Problem details:
Copy exactly, line for line, the part of the listing from the line containing "lexicographically after padding" through its last line, and nothing else.

Data in this exercise:
(* For every graph $G$ and integer $k$, every execution path of naive-fvs$(G,k,\emptyset)$ that leads to a solution satisfies $|F'|\le 3|V_-|$.
   Context: All graphs are finite, simple and undirected; $d_G(v)$ denotes the degree of $v$ in $G$, $G-S$ denotes deletion of a vertex set $S$, and $G[S]$ the induced subgraph. A feedback vertex set of $G$ is a set $V_-\subseteq V(G)$ such that $G-V_-$ is a forest. Algorithm naive-fvs$(G,k,F)$ (with $k$ an integer and $F\subseteq V(G)$ inducing a forest) returns a set of vertices or ``NO'' as follows (all choices among several candidates are arbitrary; degrees are in the current graph $G$): (0) If $k<0$ return NO; if $V(G)=\emptyset$ return $\emptyset$. (1) If some vertex $v$ has degree less than $2$, return naive-fvs$(G-\{v\},k,F\setminus\{v\})$. (2) If some $v\in V(G)\setminus F$ has two neighbors in the same connected component of $G[F]$, let $X=$ naive-fvs$(G-\{v\},k-1,F)$ and return $X\cup\{v\}$ (NO if $X$ is NO). (3) Pick $v\in V(G)\setminus F$ of maximum degree. (4) If $d(v)=2$: set $X=\emptyset$; while $G$ contains a cycle $C$, take any vertex $x$ of $C$ not in $F$, add $x$ to $X$ and delete $x$ from $G$; then return $X$ if $|X|\le k$, else NO. (5) Let $X=$ naive-fvs$(G-\{v\},k-1,F)$; if $X$ is not NO, return $X\cup\{v\}$. (6) Return naive-fvs$(G,k,F\cup\{v\})$. An execution path is a sequence of calls $c_0,c_1,\dots,c_t$ where $c_0=$ naive-fvs$(G,k,\emptyset)$; for each $j<t$, $c_{j+1}$ is the recursive call made by $c_j$ in step 1 or step 2, or, if $c_j$ reaches step 5, either the call of step 5 or the call of step 6 (the latter considered even if the algorithm would not actually make it); and $c_t$ terminates in step 0 or step 4 without recursion. It leads to a solution if $c_t$ returns a set (not NO). $V_-$ denotes the set of vertices deleted along the path in step 2, in step 5 (when the path follows the step-5 call), and in the loop of step 4 of $c_t$; $F'$ denotes the set of vertices added to $F$ by step 6 (when the path follows the step-6 call). *)

theory Defs
  imports Main
begin

type_synonym 'a graph = "'a set \<times> 'a set set"

definition verts :: "'a graph \<Rightarrow> 'a set" where "verts G = fst G"
definition edges :: "'a graph \<Rightarrow> 'a set set" where "edges G = snd G"

definition simple_graph :: "'a graph \<Rightarrow> bool" where
  "simple_graph G \<longleftrightarrow> finite (verts G) \<and>
     (\<forall>e \<in> edges G. \<exists>u w. u \<noteq> w \<and> u \<in> verts G \<and> w \<in> verts G \<and> e = {u, w})"

definition del_verts :: "'a graph \<Rightarrow> 'a set \<Rightarrow> 'a graph" where
  "del_verts G S = (verts G - S, {e \<in> edges G. e \<inter> S = {}})"

definition adj :: "'a graph \<Rightarrow> 'a \<Rightarrow> 'a \<Rightarrow> bool" where
  "adj G u w \<longleftrightarrow> {u, w} \<in> edges G"

definition deg :: "'a graph \<Rightarrow> 'a \<Rightarrow> nat" where
  "deg G v = card {e \<in> edges G. v \<in> e}"

definition same_comp :: "'a graph \<Rightarrow> 'a set \<Rightarrow> 'a \<Rightarrow> 'a \<Rightarrow> bool" where
  "same_comp G F u w \<longleftrightarrow> u \<in> F \<and> w \<in> F \<and>
     (u, w) \<in> {(a, b). a \<in> F \<and> b \<in> F \<and> adj G a b}\<^sup>*"

definition two_nbrs_same_comp :: "'a graph \<Rightarrow> 'a set \<Rightarrow> 'a \<Rightarrow> bool" where
  "two_nbrs_same_comp G F v \<longleftrightarrow>
     (\<exists>u w. u \<noteq> w \<and> adj G v u \<and> adj G v w \<and> same_comp G F u w)"

definition is_cycle :: "'a graph \<Rightarrow> 'a list \<Rightarrow> bool" where
  "is_cycle G C \<longleftrightarrow> length C \<ge> 3 \<and> distinct C \<and> set C \<subseteq> verts G \<and>
     (\<forall>i < length C. adj G (C ! i) (C ! ((i + 1) mod length C)))"

definition has_cycle :: "'a graph \<Rightarrow> bool" where
  "has_cycle G \<longleftrightarrow> (\<exists>C. is_cycle G C)"

text \<open>Possible outcomes X of the loop of step 4 (with F fixed).\<close>
inductive loop_result :: "'a graph \<Rightarrow> 'a set \<Rightarrow> 'a set \<Rightarrow> bool" where
  loop_stop: "\<not> has_cycle G \<Longrightarrow> loop_result G F {}"
| loop_step: "is_cycle G C \<Longrightarrow> x \<in> set C \<Longrightarrow> x \<notin> F \<Longrightarrow>
     loop_result (del_verts G {x}) F X \<Longrightarrow> loop_result G F (insert x X)"

definition reaches_step3 :: "'a graph \<Rightarrow> int \<Rightarrow> 'a set \<Rightarrow> 'a \<Rightarrow> bool" where
  "reaches_step3 G k F v \<longleftrightarrow> k \<ge> 0 \<and> verts G \<noteq> {} \<and>
     (\<forall>u \<in> verts G. deg G u \<ge> 2) \<and>
     (\<forall>u \<in> verts G - F. \<not> two_nbrs_same_comp G F u) \<and>
     v \<in> verts G - F \<and> (\<forall>u \<in> verts G - F. deg G u \<le> deg G v)"

text \<open>sol_path G k F Vm Fp: there is an execution path starting with the call
  naive-fvs(G,k,F) that leads to a solution, along which the set of deleted
  vertices (V_-) is Vm and the set of vertices added to F by step 6 (F') is Fp.\<close>
inductive sol_path :: "'a graph \<Rightarrow> int \<Rightarrow> 'a set \<Rightarrow> 'a set \<Rightarrow> 'a set \<Rightarrow> bool" where
  step0: "k \<ge> 0 \<Longrightarrow> verts G = {} \<Longrightarrow> sol_path G k F {} {}"
| step1: "k \<ge> 0 \<Longrightarrow> v \<in> verts G \<Longrightarrow> deg G v < 2 \<Longrightarrow>
     sol_path (del_verts G {v}) k (F - {v}) Vm Fp \<Longrightarrow> sol_path G k F Vm Fp"
| step2: "k \<ge> 0 \<Longrightarrow> verts G \<noteq> {} \<Longrightarrow> (\<forall>u \<in> verts G. deg G u \<ge> 2) \<Longrightarrow>
     v \<in> verts G - F \<Longrightarrow> two_nbrs_same_comp G F v \<Longrightarrow>
     sol_path (del_verts G {v}) (k - 1) F Vm Fp \<Longrightarrow> sol_path G k F (insert v Vm) Fp"
| step4: "reaches_step3 G k F v \<Longrightarrow> deg G v = 2 \<Longrightarrow> loop_result G F X \<Longrightarrow>
     int (card X) \<le> k \<Longrightarrow> sol_path G k F X {}"
| step5: "reaches_step3 G k F v \<Longrightarrow> deg G v \<noteq> 2 \<Longrightarrow>
     sol_path (del_verts G {v}) (k - 1) F Vm Fp \<Longrightarrow> sol_path G k F (insert v Vm) Fp"
| step6: "reaches_step3 G k F v \<Longrightarrow> deg G v \<noteq> 2 \<Longrightarrow>
     sol_path G k (insert v F) Vm Fp \<Longrightarrow> sol_path G k F Vm (insert v Fp)"

end

theory Submission
  imports Defs
begin

text \<open>Weigh a vertex x of degree d by d - 2 if x \<in> F and by min 0 (d - 2) otherwise, and let
  \<Phi>(G, F) be the total weight. If all vertices outside F have degree at most m + 2, where m \<ge> 1,
  then every path from (G, k, F) that leads to a solution satisfies m|F'| + \<Phi>(G, F) \<le> 3m|V_-|.
  Deleting a vertex of degree below 2 does not decrease \<Phi>, and deleting a vertex outside F lowers
  it by at most its degree, which is at most m + 2 \<le> 3m. In step 4 every vertex outside F has
  degree 2, so \<Phi> is the sum of d(x) - 2; each deletion of the loop lowers this sum by at most 2,
  and on a forest it is nonpositive. In step 6 the branching vertex v, of maximum degree d, raises
  \<Phi> by exactly d - 2, and the bound for m = d - 2 together with \<Phi> \<ge> 0 (all degrees are at
  least 2 there) yields it for every m \<ge> d - 2. From F = {} step 2 cannot occur before the first
  step 6, and there \<Phi>(G, {v}) = d - 2.\<close>

lemma verts_del_verts [simp]: "verts (del_verts G S) = verts G - S"
  by (simp add: del_verts_def verts_def)

lemma edges_del_verts [simp]: "edges (del_verts G S) = {e \<in> edges G. e \<inter> S = {}}"
  by (simp add: del_verts_def edges_def)

lemma simple_graph_del_verts: "simple_graph G \<Longrightarrow> simple_graph (del_verts G S)"
  unfolding simple_graph_def by fastforce

lemma finite_verts: "simple_graph G \<Longrightarrow> finite (verts G)"
  by (simp add: simple_graph_def)

lemma finite_edges: "simple_graph G \<Longrightarrow> finite (edges G)"
proof -
  assume "simple_graph G"
  then have "edges G \<subseteq> Pow (verts G)" and "finite (verts G)"
    unfolding simple_graph_def by auto
  then show ?thesis by (simp add: finite_subset)
qed

lemma edge_eq_doubleton:
  "simple_graph G \<Longrightarrow> e \<in> edges G \<Longrightarrow> x \<in> e \<Longrightarrow> y \<in> e \<Longrightarrow> x \<noteq> y \<Longrightarrow> e = {x, y}"
  unfolding simple_graph_def by fastforce

lemma deg_del_verts:
  assumes sg: "simple_graph G" and "x \<noteq> y"
  shows "deg G x = deg (del_verts G {y}) x + (if adj G x y then 1 else 0)"
proof -
  let ?A = "{e \<in> edges G. x \<in> e}"
  have "finite ?A" using finite_edges[OF sg] by simp
  have "{e \<in> edges (del_verts G {y}). x \<in> e} = ?A - {{x, y}}"
    using edge_eq_doubleton[OF sg _ _ _ \<open>x \<noteq> y\<close>] by auto
  moreover have "card ?A = card (?A - {{x, y}}) + (if {x, y} \<in> edges G then 1 else 0)"
    using \<open>finite ?A\<close> card_Suc_Diff1[of ?A "{x, y}"] by auto
  ultimately show ?thesis
    unfolding deg_def adj_def by simp
qed

lemma deg_del_verts_le: "simple_graph G \<Longrightarrow> deg (del_verts G {y}) x \<le> deg G x"
  unfolding deg_def by (rule card_mono) (auto dest: finite_edges)
(* Let $M\ge1$. If $\mathbf a\in\mathcal A_M$ and $\mathbf b\in\mathcal A_1$, then $\mathbf a\circ\mathbf b\in\mathcal A_M$.
   Context: Order and word operations. Sequences and words over $\{0,\dots,M\}$ are ordered lexicographically. Words are compared via $\mathbf c\prec\mathbf d$ iff $\mathbf c0^\infty\prec\mathbf d0^\infty$. For a word $c_1\dots c_k$: - if $c_k<M$, then $c_1\dots c_k^+=c_1\dots c_{k-1}(c_k+1)$; - if $c_k>0$, then $c_1\dots c_k^-=c_1\dots c_{k-1}(c_k-1)$; - the reflection is $\overline{c_1\dots c_k}=(M-c_1)\dots(M-c_k)$. Fundamental words. A word $a_1\dots a_m$ ($m\ge2$) over $\{0,\dots,M\}$ is fundamental if $\overline{a_1\dots a_{m-i}}\preceq a_{i+1}\dots a_m\prec a_1\dots a_{m-i}$ for all $1\le i<m$. When $M\ge2$, a one-letter word $a_1$ is fundamental if $M-a_1\le a_1<M$. $\mathcal A_M$ denotes the set of fundamental words over $\{0,\dots,M\}$, and $\mathcal A_1$ the set for $M=1$ (these all begin with $1$). The graph and labelings. For $\mathbf a\in\mathcal A_M$, let $G$ have vertices Start, $A$, $B$ and edges - $e_0$: Start$\to A$, - $e_1$: $A\to B$, - $e_2$: $B\to B$, - $e_3$: $B\to A$, - $e_4$: $A\to A$. Label them by - $\mathcal L_{\mathbf a}$: $e_0,e_3\mapsto\mathbf a^+$; $e_1\mapsto\overline{\mathbf a^+}$; $e_2\mapsto\mathbf a$; $e_4\mapsto\overline{\mathbf a}$; - $\mathcal L^*$: $e_0,e_3,e_4\mapsto1$; $e_1,e_2\mapsto0$. The map $\Phi_{\mathbf a}$. For a path $e_{i_1}\dots e_{i_k}$ with $i_1=0$, set $\Phi_{\mathbf a}(\mathcal L_{\mathbf a}(e_{i_1})\cdots\mathcal L_{\mathbf a}(e_{i_k}))=\mathcal L^*(e_{i_1}\dots e_{i_k})$. This gives a bijection between such block words and binary words beginning with $1$. Composition. For $\mathbf a\in\mathcal A_M$ and $\mathbf b\in\mathcal A_1$, the composition $\mathbf a\circ\mathbf b:=\Phi_{\mathbf a}^{-1}(\mathbf b)$ is the unique such block word (of length $|\mathbf a||\mathbf b|$) mapped to $\mathbf b$. *)

theory Defs
  imports Main
begin

text \<open>Words over the alphabet {0,...,M} are lists of naturals. Words are compared
  lexicographically after padding with 0 to infinite sequences.\<close>

definition pad :: "nat list \<Rightarrow> nat \<Rightarrow> nat" where
  "pad c i = (if i < length c then c ! i else 0)"

definition word_less :: "nat list \<Rightarrow> nat list \<Rightarrow> bool" where
  "word_less c d \<longleftrightarrow> (\<exists>n. (\<forall>i<n. pad c i = pad d i) \<and> pad c n < pad d n)"

definition word_le :: "nat list \<Rightarrow> nat list \<Rightarrow> bool" where
  "word_le c d \<longleftrightarrow> word_less c d \<or> pad c = pad d"

definition word_refl :: "nat \<Rightarrow> nat list \<Rightarrow> nat list" where
  "word_refl M c = map (\<lambda>x. M - x) c"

Result for this exercise:
  lexicographically after padding with 0 to infinite sequences.\<close>

definition pad :: "nat list \<Rightarrow> nat \<Rightarrow> nat" where
  "pad c i = (if i < length c then c ! i else 0)"

definition word_less :: "nat list \<Rightarrow> nat list \<Rightarrow> bool" where
  "word_less c d \<longleftrightarrow> (\<exists>n. (\<forall>i<n. pad c i = pad d i) \<and> pad c n < pad d n)"

definition word_le :: "nat list \<Rightarrow> nat list \<Rightarrow> bool" where
  "word_le c d \<longleftrightarrow> word_less c d \<or> pad c = pad d"

definition word_refl :: "nat \<Rightarrow> nat list \<Rightarrow> nat list" where
  "word_refl M c = map (\<lambda>x. M - x) c"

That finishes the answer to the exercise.